• _WORK INSTRUCTIONS_
Using the entries below, show all lines with the string "each".

• _RECORDS FOR THIS EXERCISE_

(* Let $n\ge k\ge 1$ and let $Z_1,\ldots,Z_k$ be subsets of $[n]$, each of cardinality $k-1$, such that $|\bigcap_{i\in I}Z_i|\le k-|I|$ for every nonempty subset $I\subseteq[k]$, and additionally $|Z_i\cap Z_{i'}|\le 1$ for all $i\ne i'$. Then there is a multiset that arises as the multiset union of exactly one choice $(\sigma,(S_1,\ldots,S_k))$.
   Context: $[n]=\{1,\ldots,n\}$. A choice is a pair $(\sigma,(S_1,\ldots,S_k))$ where $\sigma$ is a permutation of $[k]$ and $S_i\subseteq Z_i$ with $|S_i|=\sigma(i)-1$ for each $i\in[k]$; its multiset union is $S_1\uplus\cdots\uplus S_k$, the multiset in which each $j\in[n]$ has multiplicity equal to the number of $i$ with $j\in S_i$. Two different choices are counted as different even if they have the same permutation (i.e., choices differ if either $\sigma$ or some $S_i$ differs). *)

theory Defs
  imports "HOL-Library.Multiset" "HOL-Combinatorics.Permutations"
begin

text \<open>A choice for the family Z_1,...,Z_k: a permutation sigma of {1..k} together with
  sets S_i (i in {1..k}) with S_i a subset of Z_i and |S_i| = sigma(i) - 1.
  The function S is taken to be empty outside {1..k}, so that choices correspond
  bijectively to pairs (sigma, (S_1,...,S_k)).\<close>
definition choices :: "nat \<Rightarrow> (nat \<Rightarrow> nat set) \<Rightarrow> ((nat \<Rightarrow> nat) \<times> (nat \<Rightarrow> nat set)) set" where
  "choices k Z = {(\<sigma>, S). \<sigma> permutes {1..k} \<and>
      (\<forall>i\<in>{1..k}. S i \<subseteq> Z i \<and> card (S i) = \<sigma> i - 1) \<and>
      (\<forall>i. i \<notin> {1..k} \<longrightarrow> S i = {})}"

definition choice_union :: "nat \<Rightarrow> ((nat \<Rightarrow> nat) \<times> (nat \<Rightarrow> nat set)) \<Rightarrow> nat multiset" where
  "choice_union k c = (\<Sum>i\<in>{1..k}. mset_set (snd c i))"

end

theory Submission
  imports Defs
begin

text \<open>
  Call a choice \<open>(\<sigma>, S)\<close> rigid if \<open>S l \<inter> Z m \<subseteq> S m\<close> whenever \<open>\<sigma> l < \<sigma> m\<close>, and
  \<open>S m \<inter> Z l \<subseteq> S l\<close> whenever \<open>\<sigma> m = \<sigma> l + 1\<close>. Since distinct \<open>Z\<close>'s share at most one
  point, the sets at positions \<open>\<le> j\<close> of a rigid choice cover at most \<open>j - 2\<close> points of any
  \<open>Z l\<close> with \<open>\<sigma> l < j\<close>. Hence any choice with the same multiset union must agree with it,
  position by position from \<open>k\<close> downwards: its set at position \<open>j\<close> has \<open>j - 1\<close> points
  covered by positions \<open>\<le> j\<close>, which forces the index and then the set.

  A rigid choice exists. As the \<open>Z i\<close> have empty common intersection, there are three of
  them with empty intersection; put them at the top positions \<open>k - 2, k - 1, k\<close>. Fill the
  positions from the bottom greedily, each set consisting of the points forced into it by
  lower positions plus fresh points avoiding its predecessor and the set at position
  \<open>k - 1\<close>; the pairwise intersection bound leaves enough room. Finally take all of the
  set at position \<open>k\<close>, and at position \<open>k - 1\<close> all points but one: a point outside the
  top set that is also the only point possibly shared with position \<open>k - 2\<close>.
\<close>

lemma card_Int_UN_le:
  assumes "finite I" "\<forall>i\<in>I. card (A \<inter> B i) \<le> 1"
  shows "card (A \<inter> (\<Union>i\<in>I. B i)) \<le> card I"
proof -
  have "card (A \<inter> (\<Union>i\<in>I. B i)) \<le> (\<Sum>i\<in>I. card (A \<inter> B i))"
    unfolding Int_UN_distrib using assms(1) by (rule card_UN_le)
  also have "\<dots> \<le> (\<Sum>i\<in>I. 1)" using assms(2) by (intro sum_mono) auto
  finally show ?thesis by simp
qed

lemma card_le_Diff_Int3:
  assumes "finite W"
  shows "card W \<le> card (W - U - Y - X) + card (W \<inter> U) + card (W \<inter> Y) + card (W \<inter> X)"
proof -
  have "card W \<le> card ((W - U - Y - X) \<union> (W \<inter> U) \<union> (W \<inter> Y) \<union> (W \<inter> X))"
    using assms by (intro card_mono) auto
  also have "\<dots> \<le> card (W - U - Y - X) + card (W \<inter> U) + card (W \<inter> Y) + card (W \<inter> X)"
    by (meson add_le_mono card_Un_le le_refl order_trans)
  finally show ?thesis .
qed

definition rigid_choice :: "nat \<Rightarrow> (nat \<Rightarrow> 'a set) \<Rightarrow> (nat \<Rightarrow> nat) \<Rightarrow> (nat \<Rightarrow> 'a set) \<Rightarrow> bool" where
  "rigid_choice k Z \<sigma> S \<longleftrightarrow>
     (\<forall>l\<in>{1..k}. \<forall>m\<in>{1..k}. \<sigma> l < \<sigma> m \<longrightarrow> S l \<inter> Z m \<subseteq> S m) \<and>
     (\<forall>l\<in>{1..k}. \<forall>m\<in>{1..k}. \<sigma> m = Suc (\<sigma> l) \<longrightarrow> S m \<inter> Z l \<subseteq> S l)"

lemma choicesD:
  assumes "(\<sigma>, S) \<in> choices k Z"
  shows "\<sigma> permutes {1..k}" and "\<And>i. i \<in> {1..k} \<Longrightarrow> S i \<subseteq> Z i \<and> card (S i) = \<sigma> i - 1"
    and "\<And>i. i \<notin> {1..k} \<Longrightarrow> S i = {}"
  using assms unfolding choices_def by auto

lemma rigid_choice_card_Int_lower_le:
  assumes ch: "(\<sigma>, S) \<in> choices k Z" and rig: "rigid_choice k Z \<sigma> S"
    and fin: "\<forall>i\<in>{1..k}. finite (Z i)"
    and pw: "\<forall>i\<in>{1..k}. \<forall>i'\<in>{1..k}. i \<noteq> i' \<longrightarrow> card (Z i \<inter> Z i') \<le> 1"
    and l: "l \<in> {1..k}" and lj: "\<sigma> l < j"
  shows "card (Z l \<inter> (\<Union>m\<in>{m\<in>{1..k}. \<sigma> m \<le> j}. S m)) \<le> j - 2"
proof -
  have sp: "\<sigma> permutes {1..k}" and S: "\<And>i. i \<in> {1..k} \<Longrightarrow> S i \<subseteq> Z i \<and> card (S i) = \<sigma> i - 1"
    using choicesD[OF ch] by auto
  have sinj: "\<sigma> a = \<sigma> b \<Longrightarrow> a = b" for a b
    using permutes_inj[OF sp] by (auto dest: injD)
  define R where "R = {m\<in>{1..k}. Suc (\<sigma> l) < \<sigma> m \<and> \<sigma> m \<le> j}"
  \<comment> \<open>Positions up to \<open>\<sigma> l + 1\<close> contribute only elements of \<open>S l\<close>; each later one at most one.\<close>
  have sub: "Z l \<inter> (\<Union>m\<in>{m\<in>{1..k}. \<sigma> m \<le> j}. S m) \<subseteq> S l \<union> Z l \<inter> (\<Union>m\<in>R. S m)"
  proof
    fix x assume x: "x \<in> Z l \<inter> (\<Union>m\<in>{m\<in>{1..k}. \<sigma> m \<le> j}. S m)"
    then obtain m where m: "m \<in> {1..k}" "\<sigma> m \<le> j" "x \<in> S m" by auto
    consider "m = l" | "\<sigma> m < \<sigma> l" | "\<sigma> m = Suc (\<sigma> l)" | "Suc (\<sigma> l) < \<sigma> m"
      using sinj by (metis less_antisym linorder_neqE_nat)
    then show "x \<in> S l \<union> Z l \<inter> (\<Union>m\<in>R. S m)"
    proof cases
      case 2 then show ?thesis using rig m l x unfolding rigid_choice_def by blast
    next
      case 3 then show ?thesis using rig m l x unfolding rigid_choice_def by blast
    qed (use m x in \<open>auto simp: R_def\<close>)
  qed
  have finR: "finite R" unfolding R_def by auto
  have cR: "card R \<le> j - Suc (\<sigma> l)"
  proof -
    have "card R = card (\<sigma> ` R)" using sinj by (intro card_image[symmetric] inj_onI) auto
    also have "\<dots> \<le> card {Suc (Suc (\<sigma> l))..j}" by (intro card_mono) (auto simp: R_def)
    finally show ?thesis by simp
  qed
  have "finite (Z l)" using fin l by blast
  then have "finite (S l)" using S[OF l] finite_subset by blast
  with \<open>finite (Z l)\<close> have "card (Z l \<inter> (\<Union>m\<in>{m\<in>{1..k}. \<sigma> m \<le> j}. S m))
      \<le> card (S l \<union> Z l \<inter> (\<Union>m\<in>R. S m))"
    using sub by (intro card_mono) auto
  also have "\<dots> \<le> card (S l) + card (Z l \<inter> (\<Union>m\<in>R. S m))" by (rule card_Un_le)
  also have "card (Z l \<inter> (\<Union>m\<in>R. S m)) \<le> card R"
  proof (rule card_Int_UN_le[OF finR], intro ballI)
    fix m assume "m \<in> R"
    then have m: "m \<in> {1..k}" "m \<noteq> l" unfolding R_def by auto
    have "card (Z l \<inter> S m) \<le> card (Z l \<inter> Z m)"
      using S m \<open>finite (Z l)\<close> by (intro card_mono) auto
    also have "\<dots> \<le> 1" using pw l m by auto
    finally show "card (Z l \<inter> S m) \<le> 1" .
  qed
  finally have "card (Z l \<inter> (\<Union>m\<in>{m\<in>{1..k}. \<sigma> m \<le> j}. S m)) \<le> \<sigma> l - 1 + card R"
    using S[OF l] by simp
  moreover have "1 \<le> \<sigma> l" using permutes_in_image[OF sp] l by auto
  ultimately show ?thesis using cR lj by linarith
qed

lemma rigid_choice_lower_union_Int:
  assumes "(\<sigma>, S) \<in> choices k Z" "rigid_choice k Z \<sigma> S" "i \<in> {1..k}"
  shows "Z i \<inter> (\<Union>m\<in>{m\<in>{1..k}. \<sigma> m \<le> \<sigma> i}. S m) \<subseteq> S i"
proof
  have sinj: "\<sigma> a = \<sigma> b \<Longrightarrow> a = b" for a b
    using permutes_inj[OF choicesD(1)[OF assms(1)]] by (auto dest: injD)
  fix x assume "x \<in> Z i \<inter> (\<Union>m\<in>{m\<in>{1..k}. \<sigma> m \<le> \<sigma> i}. S m)"
  then obtain m where m: "m \<in> {1..k}" "\<sigma> m \<le> \<sigma> i" "x \<in> S m" "x \<in> Z i" by auto
  show "x \<in> S i"
  proof (cases "m = i")
    case False
    then have "\<sigma> m < \<sigma> i" using m sinj by (metis le_neq_implies_less)
    then show ?thesis using assms(2,3) m unfolding rigid_choice_def by blast
  qed (use m in auto)
qed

• _TASK RESULT_
(* Let $n\ge k\ge 1$ and let $Z_1,\ldots,Z_k$ be subsets of $[n]$, each of cardinality $k-1$, such that $|\bigcap_{i\in I}Z_i|\le k-|I|$ for every nonempty subset $I\subseteq[k]$, and additionally $|Z_i\cap Z_{i'}|\le 1$ for all $i\ne i'$. Then there is a multiset that arises as the multiset union of exactly one choice $(\sigma,(S_1,\ldots,S_k))$.
   Context: $[n]=\{1,\ldots,n\}$. A choice is a pair $(\sigma,(S_1,\ldots,S_k))$ where $\sigma$ is a permutation of $[k]$ and $S_i\subseteq Z_i$ with $|S_i|=\sigma(i)-1$ for each $i\in[k]$; its multiset union is $S_1\uplus\cdots\uplus S_k$, the multiset in which each $j\in[n]$ has multiplicity equal to the number of $i$ with $j\in S_i$. Two different choices are counted as different even if they have the same permutation (i.e., choices differ if either $\sigma$ or some $S_i$ differs). *)
  positions from the bottom greedily, each set consisting of the points forced into it by
  \<comment> \<open>Positions up to \<open>\<sigma> l + 1\<close> contribute only elements of \<open>S l\<close>; each later one at most one.\<close>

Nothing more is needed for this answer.